Having experienced well over 200 recent games this year, I'm formally closing the book on 2025. My annual roundup is published, and I'm satisfied with the ultimate rankings, despite being aware numerous excellent games may have dropped through the cracks. At this point, it's plan is to other than unwind, disconnect briefly, and perhaps take a refreshing hike in the— well, shoot, discovered one more amazing experience. And just like that, goodbye to my intentions!
During my casual gaming time, typically earmarked for a handful of quirky titles, I've discovered what might become my first favorite game of 2026. Sol Cesto is a peculiar roguelike for Windows PC that deconstructs a classic labyrinth explorer into a luck-based game of high stakes risk and reward. Take this as a preview for the in-the-know: If you relish in knowing about a game before it's cool, test out Sol Cesto so you can punch a hole in your indie credit card.
Sol Cesto is a tactical roguelike that's different from everything I've ever played. The premise is that you must venture into a dungeon, descending floor after floor in search of the sun, which has vanished from its world. Mechanically, that makes for some standard crawl progression. Pick a hero with their own parameters and powers, fight through each level of monsters, pick up some stat improvements (in the form of teeth), and overcome a few biome bosses. Simple enough!
How you truly navigate a area, is unique. Whenever you start another stage, you're shown a four-by-four matrix of boxes. All spaces either contains a monster, a loot box, a trap, or a health-restoring fruit. To explore a room, you just select on one of the four rows, but the specific tile you land in is up to chance.
You may face a row with two monsters, a strawberry, and a treasure chest in it. You begin with a 25% chance of hitting any given square in a row.
Subsequently, your odds shift. The question becomes: Do you take the risk, or do you choose on a different row first and attempt some safer moves early? Herein lies the risk-reward dynamic in action in Sol Cesto, and it's engrossing once you get an understanding of it.

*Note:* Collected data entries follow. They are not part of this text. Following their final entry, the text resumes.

text \<open>The preimage in Z^k of H^k_p (the image of Z^k cap F^k_p in H^k = Z^k / B^k),
  i.e. (Z^k cap F^k_p) + B^k; hence dim H^k_p = dim of this space minus dim B^k.\<close>
definition Hfilt_lift :: "(idx \<Rightarrow> form) \<Rightarrow> form set \<Rightarrow> form set \<Rightarrow> nat \<Rightarrow> nat \<Rightarrow> form set" where
  "Hfilt_lift D V1 V2 k p = set_sum (closed_forms D k \<inter> filt V1 V2 k p) (exact_forms D k)"

text \<open>h^{p,q} = dim H^{p+q}_p / H^{p+q}_{p+1} = dim H^{p+q}_p - dim H^{p+q}_{p+1}.\<close>
definition hpq :: "(idx \<Rightarrow> form) \<Rightarrow> form set \<Rightarrow> form set \<Rightarrow> nat \<Rightarrow> nat \<Rightarrow> nat" where
  "hpq D V1 V2 p q = dim (Hfilt_lift D V1 V2 (p + q) p) - dim (Hfilt_lift D V1 V2 (p + q) (p + 1))"

end

theory Submission
  imports Defs
begin

(*
  The splitting is V1 = span {e^1, e^2}, V2 = span {e^3, ..., e^6}, so that e^I has bidegree
  (|I \<inter> {1,2}|, |I - {1,2}|). In all eight algebras d e^1 = d e^2 = 0 and each d e^i is a
  combination of e^{jk} with {j,k} meeting {1,2}, i.e. d e^i \<in> \<Lambda>^{2,0} + \<Lambda>^{1,1}; as d acts on
  e^I through the d e^i, it raises the first degree by one or two, which is coherence.
  Furthermore H^k_0 = H^k_1, i.e. h^{0,k} = 0, as soon as no closed k-form has a component in
  \<Lambda>^{0,k}; for k = 3, 4 this follows by solving the linear equations that a few coefficients
  of da = 0 impose on the coefficients of a on e^I, I \<subseteq> {3,...,6}.
*)

section \<open>Wedge products of basis forms\<close>

lemma axis_nth_if: "axis I c $ J = (if J = I then c else 0)"
  by (simp add: axis_def)

lemma wedge_nonzero_split:
  assumes "wedge x y $ K \<noteq> 0"
  obtains L where "L \<subseteq> K" "x $ L \<noteq> 0" "y $ (K - L) \<noteq> 0"
proof -
  have "(\<Sum>I\<in>Pow K. sgn_merge I (K - I) * x $ I * y $ (K - I)) \<noteq> 0"
    using assms by (simp add: wedge_def)
  then obtain L where "L \<in> Pow K" "sgn_merge L (K - L) * x $ L * y $ (K - L) \<noteq> 0"
    by (meson sum.neutral)
  then show thesis using that by auto
qed

lemma wedge_zero_left [simp]: "wedge 0 y = 0"
  by (simp add: wedge_def vec_eq_iff)

lemma wedge_axis_right:
  "wedge x (axis J c) $ K = (if J \<subseteq> K then sgn_merge (K - J) J * x $ (K - J) * c else 0)"
proof -
  have "wedge x (axis J c) $ K
      = (\<Sum>L\<in>Pow K. if L = K - J \<and> J \<subseteq> K then sgn_merge L (K - L) * x $ L * c else 0)"
    unfolding wedge_def vec_lambda_beta
    by (rule sum.cong) (auto simp: axis_nth_if)
  also have "\<dots> = (if J \<subseteq> K then sgn_merge (K - J) J * x $ (K - J) * c else 0)"
    by (auto simp: sum.delta' double_diff)
  finally show ?thesis .
qed

lemma wedge_axis_axis:
  "wedge (axis I a) (axis J b) =
     (if I \<inter> J = {} then axis (I \<union> J) (sgn_merge I J * a * b) else 0)"
proof (rule vec_eq_iff[THEN iffD2, rule_format])
  fix K
  have "J \<subseteq> K \<and> K - J = I \<longleftrightarrow> I \<inter> J = {} \<and> K = I \<union> J" by auto
  then show "wedge (axis I a) (axis J b) $ K =
      (if I \<inter> J = {} then axis (I \<union> J) (sgn_merge I J * a * b) else 0) $ K"
    by (auto simp: wedge_axis_right axis_nth_if)
qed

definition count_below :: "idx \<Rightarrow> idx set \<Rightarrow> nat" where
  "count_below i J = card {j \<in> J. num j < num i}"

lemma count_below_empty [simp]: "count_below i {} = 0"
  by (simp add: count_below_def)

lemma count_below_insert [simp]:
  "count_below i (insert j J) =
     (if j \<in> J then count_below i J else (if num j < num i then 1 else 0) + count_below i J)"
proof -
  have "{k \<in> insert j J. num k < num i} =
      (if num j < num i then insert j {k \<in> J. num k < num i} else {k \<in> J. num k < num i})"
    by auto
  then show ?thesis
    by (auto simp: count_below_def card_insert_if)
qed

lemma sgn_merge_empty [simp]: "sgn_merge {} J = 1"
  by (simp add: sgn_merge_def)

lemma sgn_merge_insert:
  assumes "i \<notin> I"
  shows "sgn_merge (insert i I) J = (-1) ^ count_below i J * sgn_merge I J"
proof -
  let ?S = "\<lambda>I. {(i, j). i \<in> I \<and> j \<in> J \<and> num j < num i}"
  have split: "?S (insert i I) = Pair i ` {j \<in> J. num j < num i} \<union> ?S I"
    and disjoint: "Pair i ` {j \<in> J. num j < num i} \<inter> ?S I = {}"
    using assms by auto
  have "card (?S (insert i I)) = count_below i J + card (?S I)"
    unfolding split count_below_def
    by (subst card_Un_disjoint) (use disjoint in \<open>auto simp: card_image inj_on_def\<close>)
  then show ?thesis
    by (simp add: sgn_merge_def power_add)
qed

lemma sgn_merge_nonzero: "sgn_merge I J \<noteq> 0"
  by (simp add: sgn_merge_def)

lemma ee_eq: "ee i j = (if i = j then 0 else axis {i, j} (if num j < num i then -1 else 1))"
proof -
  have "sgn_merge {i} {j} = (if num j < num i then -1 else 1)"
    by (simp add: sgn_merge_insert)
  then show ?thesis
    by (auto simp: ee_def e_def wedge_axis_axis insert_commute)
qed

lemma wedges_e_distinct:
  "distinct l \<Longrightarrow> \<exists>c. c \<noteq> 0 \<and> wedges (map e l) = axis (set l) c"
proof (induction l)
  case Nil
  then show ?case by (auto simp: wedges_def unit_form_def)
next
  case (Cons x l)
  then obtain c where "c \<noteq> 0" "wedges (map e l) = axis (set l) c" by auto
  then have "wedges (map e (x # l)) = axis (set (x # l)) (sgn_merge {x} (set l) * c)"
    using Cons.prems by (simp add: wedges_def e_def wedge_axis_axis)
  then show ?case using \<open>c \<noteq> 0\<close> sgn_merge_nonzero by (metis mult_eq_0_iff)
qed

section \<open>The differential in coordinates\<close>

(* the contribution of d e^i = x to the coefficient of e^K in d a *)
definition ce_coeff :: "form \<Rightarrow> idx \<Rightarrow> idx set \<Rightarrow> form \<Rightarrow> real" where
  "ce_coeff a i K x = (\<Sum>J | i \<notin> J \<and> J \<subseteq> K.
      a $ insert i J * (-1) ^ count_below i J * sgn_merge (K - J) J * x $ (K - J))"

lemma sum_sets_containing:
  "(\<Sum>I | i \<in> I. f I) = (\<Sum>J | i \<notin> J. f (insert i J))" for f :: "idx set \<Rightarrow> real"
  by (rule sum.reindex_bij_witness[where i="insert i" and j="\<lambda>I. I - {i}"]) (auto simp: insert_absorb)

lemma dd_nth_ce_coeff: "dd D a $ K = (\<Sum>i\<in>UNIV. ce_coeff a i K (D i))"
proof -
  define t where "t i I = a $ I * (-1) ^ count_below i I * wedge (D i) (axis (I - {i}) 1) $ K"
    for i I
  have "dd D a $ K = (\<Sum>I\<in>UNIV. \<Sum>i\<in>UNIV. if i \<in> I then t i I else 0)"
    by (simp add: dd_def d_basis_def t_def count_below_def sum_distrib_left sum.If_cases
        mult.assoc)
  also have "\<dots> = (\<Sum>i\<in>UNIV. \<Sum>I | i \<in> I. t i I)"
    by (subst sum.swap) (simp add: sum.If_cases Int_def)
  also have "\<dots> = (\<Sum>i\<in>UNIV. \<Sum>J | i \<notin> J. t i (insert i J))"
    by (simp only: sum_sets_containing)
  also have "\<dots> = (\<Sum>i\<in>UNIV. ce_coeff a i K (D i))"
  proof (rule sum.cong[OF refl])
    fix i
    have "t i (insert i J) =
        (if J \<subseteq> K then a $ insert i J * (-1) ^ count_below i J * sgn_merge (K - J) J * D i $ (K - J)
         else 0)" if "i \<notin> J" for J
      using that by (simp add: t_def wedge_axis_right)
    then have "(\<Sum>J | i \<notin> J. t i (insert i J)) = (\<Sum>J\<in>{J. i \<notin> J}. if J \<subseteq> K
        then a $ insert i J * (-1) ^ count_below i J * sgn_merge (K - J) J * D i $ (K - J) else 0)"
      by (intro sum.cong) auto
    also have "\<dots> = ce_coeff a i K (D i)"
      unfolding ce_coeff_def by (subst sum.inter_filter[symmetric]) (simp_all add: Collect_conj_eq)
    finally show "(\<Sum>J | i \<notin> J. t i (insert i J)) = ce_coeff a i K (D i)" .
  qed
  finally show ?thesis .
qed

lemma ce_coeff_zero [simp]: "ce_coeff a i K 0 = 0"
  by (simp add: ce_coeff_def)

lemma ce_coeff_add [simp]: "ce_coeff a i K (x + y) = ce_coeff a i K x + ce_coeff a i K y"
  by (simp add: ce_coeff_def sum.distrib[symmetric] algebra_simps)

lemma ce_coeff_axis [simp]:
  "ce_coeff a i K (axis L c) =
     (if L \<subseteq> K \<and> i \<notin> K - L
      then a $ insert i (K - L) * (-1) ^ count_below i (K - L) * sgn_merge L (K - L) * c else 0)"
proof -
  have "ce_coeff a i K (axis L c) = (\<Sum>J | i \<notin> J \<and> J \<subseteq> K.
      if J = K - L then (if L \<subseteq> K then a $ insert i J * (-1) ^ count_below i J * sgn_merge L J * c
      else 0) else 0)"
    unfolding ce_coeff_def by (rule sum.cong) (auto simp: axis_nth_if double_diff)
  then show ?thesis
    by (auto simp: sum.delta)
qed

section \<open>Bidegrees\<close>

abbreviation V1 :: "idx set \<Rightarrow> form set" where
  "V1 A \<equiv> span (e ` A)"

abbreviation V2 :: "idx set \<Rightarrow> form set" where
  "V2 A \<equiv> span (e ` (- A))"

definition supported :: "(idx set \<Rightarrow> bool) \<Rightarrow> form set" where
  "supported P = {x. \<forall>I. x $ I \<noteq> 0 \<longrightarrow> P I}"

lemma subspace_supported: "subspace (supported P)"
  by (auto simp: subspace_def supported_def) (metis add.left_neutral)

lemma axis_in_supported: "P I \<Longrightarrow> axis I c \<in> supported P"
  by (auto simp: supported_def axis_nth_if)

lemma span_e_supported: "span (e ` B) \<subseteq> supported (\<lambda>I. \<exists>b\<in>B. I = {b})"
  by (rule span_minimal) (auto simp: subspace_supported e_def intro: axis_in_supported)

lemma supported_in_subspace:
  assumes "x \<in> supported P" "subspace S" "\<And>J. P J \<Longrightarrow> axis J 1 \<in> S"
  shows "x \<in> S"
proof -
  have "x = (\<Sum>J\<in>UNIV. x $ J *\<^sub>R axis J 1)"
    using basis_expansion[of x] by (simp add: scalar_mult_eq_scaleR)
  also have "\<dots> \<in> S"
  proof (rule subspace_sum[OF \<open>subspace S\<close>])
    fix J
    show "x $ J *\<^sub>R axis J 1 \<in> S"
      using assms by (cases "x $ J = 0") (auto simp: supported_def subspace_0 subspace_scale)
  qed
  finally show ?thesis .
qed

lemma wedge_singletons_supported:
  assumes "x \<in> supported (\<lambda>I. \<exists>b\<in>B. I = {b})" "y \<in> supported P"
  shows "wedge x y \<in> supported (\<lambda>K. \<exists>b\<in>B. b \<in> K \<and> P (K - {b}))"
  unfolding supported_def
proof (intro CollectI allI impI)
  fix K assume "wedge x y $ K \<noteq> 0"
  then obtain L where "L \<subseteq> K" "x $ L \<noteq> 0" "y $ (K - L) \<noteq> 0"
    by (rule wedge_nonzero_split)
  moreover from \<open>x $ L \<noteq> 0\<close> obtain b where "b \<in> B" "L = {b}"
    using assms(1) by (auto simp: supported_def)
  ultimately show "\<exists>b\<in>B. b \<in> K \<and> P (K - {b})"
    using assms(2) by (auto simp: supported_def)
qed

definition bidegree :: "idx set \<Rightarrow> idx set \<Rightarrow> nat \<times> nat" where
  "bidegree A I = (card (I \<inter> A), card (I - A))"

lemma bidegree_Un:
  "I \<inter> J = {} \<Longrightarrow> bidegree A (I \<union> J) = bidegree A I + bidegree A J"
  by (simp add: bidegree_def Int_Un_distrib2 Un_Diff card_Un_disjoint disjoint_iff)

lemma bidegree_singleton: "bidegree A {b} = (if b \<in> A then (1, 0) else (0, 1))"
  by (simp add: bidegree_def insert_Diff_if)

lemma bidegree_remove:
  assumes "b \<in> K" "bidegree A (K - {b}) = (p, q)"
  shows "bidegree A K = (if b \<in> A then (Suc p, q) else (p, Suc q))"
  using bidegree_Un[of "{b}" "K - {b}" A] assms by (simp add: insert_absorb bidegree_singleton)

lemma wedges_supported:
  assumes "set xs \<subseteq> V1 A" "set ys \<subseteq> V2 A"
  shows "wedges (xs @ ys) \<in> supported (\<lambda>I. bidegree A I = (length xs, length ys))"
proof -
  have "foldr wedge ys unit_form \<in> supported (\<lambda>I. bidegree A I = (0, length ys))"
    using assms(2)
  proof (induction ys)
    case Nil
    show ?case by (simp add: unit_form_def bidegree_def axis_in_supported)
  next
    case (Cons y ys)
    then have "wedge y (foldr wedge ys unit_form)
        \<in> supported (\<lambda>K. \<exists>b\<in>- A. b \<in> K \<and> bidegree A (K - {b}) = (0, length ys))"
      using span_e_supported by (intro wedge_singletons_supported) auto
    then show ?case
      by (auto simp: supported_def) (metis ComplD bidegree_remove)
  qed
  then show ?thesis
    using assms(1)
  proof (induction xs)
    case Nil
    then show ?case by (simp add: wedges_def)
  next
    case (Cons x xs)
    then have "wedge x (wedges (xs @ ys))
        \<in> supported (\<lambda>K. \<exists>b\<in>A. b \<in> K \<and> bidegree A (K - {b}) = (length xs, length ys))"
      using span_e_supported by (intro wedge_singletons_supported) auto
    then show ?case
      by (auto simp: wedges_def supported_def) (metis bidegree_remove)
  qed
qed

lemma bideg_subset_supported:
  "bideg (V1 A) (V2 A) p q \<subseteq> supported (\<lambda>I. bidegree A I = (p, q))"
  unfolding bideg_def
proof (intro span_minimal subspace_supported subsetI)
  fix w assume "w \<in> {wedges (xs @ ys) |xs ys. length xs = p \<and> set xs \<subseteq> V1 A
      \<and> length ys = q \<and> set ys \<subseteq> V2 A}"
  then obtain xs ys where "w = wedges (xs @ ys)" "length xs = p" "length ys = q"
    "set xs \<subseteq> V1 A" "set ys \<subseteq> V2 A"
    by blast
  then show "w \<in> supported (\<lambda>I. bidegree A I = (p, q))"
    using wedges_supported[of xs A ys] by simp
qed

The meta-layer is that your percentages can be shaped through a run by collecting teeth that change what things you're drawn toward. To illustrate, you may obtain a perk that will decrease your odds of hitting a trap, but will concurrently lower the odds of getting a treasure chest too.
The customization choices are not endless, but it provides ample to experiment with to enable you to influence probabilities according to your strategy.
Unsurprisingly, it's still a game of chance. You constantly face the chance that you have an 80% chance to select the square you want but wind up hitting on an enemy that would deplete your last bit of health. All selections is a gamble, so a persistent nervousness exists as you clear a floor out and determine if to press onward or to advance to the subsequent stage instead of testing fate.
Tools such as destructive ordnance help cut down the chance, just like some special skills. A particular character's special power, activated once selecting four tiles, enables you to click on a column instead of a horizontal line for that move. If you play this move wisely, you can hold that ability for the right moment to circumvent a perilous selection. There's a shocking degree of depth in the seemingly straightforward task of clicking.
Sol Cesto is still in its preview phase, and it has a final update scheduled before the final game is released. Another playable adventurer and a fresh guardian are expected to drop sometime in January. The official version may not be long after, but the studio haven't set a final date yet.
No matter when the complete game arrives, you should consider put Sol Cesto on your wishlist. I've been positively obsessed with it, uncovering each of small details and banking my earned gold in each run to reveal a continuous trickle of meta progression rewards, such as new characters and items I can buy mid-attempt. As of now, I am yet to completed the dungeon, and I have a sense I'll still be pursuing that objective when the full version launches. I'm committed for the complete journey.
A passionate writer and digital storyteller with over a decade of experience in content creation and blogging.